_Exercise objective_
Please repeat the records below exactly, but only from the line that contains "section \<open>Planar rotations" onward, ending with the last line.

_Records shown_

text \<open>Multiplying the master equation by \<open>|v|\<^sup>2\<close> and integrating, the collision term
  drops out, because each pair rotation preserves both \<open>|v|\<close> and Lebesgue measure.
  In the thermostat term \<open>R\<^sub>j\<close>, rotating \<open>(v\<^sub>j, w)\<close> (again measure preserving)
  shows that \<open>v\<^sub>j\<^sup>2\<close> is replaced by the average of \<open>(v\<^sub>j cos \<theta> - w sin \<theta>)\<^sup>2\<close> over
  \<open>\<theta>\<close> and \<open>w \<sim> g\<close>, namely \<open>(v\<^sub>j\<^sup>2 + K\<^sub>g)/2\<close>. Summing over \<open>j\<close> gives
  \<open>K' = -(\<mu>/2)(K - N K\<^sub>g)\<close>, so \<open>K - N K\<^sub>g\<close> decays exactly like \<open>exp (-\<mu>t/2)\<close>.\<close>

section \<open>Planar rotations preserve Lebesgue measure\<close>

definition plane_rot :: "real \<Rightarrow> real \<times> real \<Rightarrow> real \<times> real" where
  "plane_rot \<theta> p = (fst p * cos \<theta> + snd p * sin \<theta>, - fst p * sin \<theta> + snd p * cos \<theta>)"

_Finished exercise_
section \<open>Planar rotations preserve Lebesgue measure\<close>

definition plane_rot :: "real \<Rightarrow> real \<times> real \<Rightarrow> real \<times> real" where
  "plane_rot \<theta> p = (fst p * cos \<theta> + snd p * sin \<theta>, - fst p * sin \<theta> + snd p * cos \<theta>)"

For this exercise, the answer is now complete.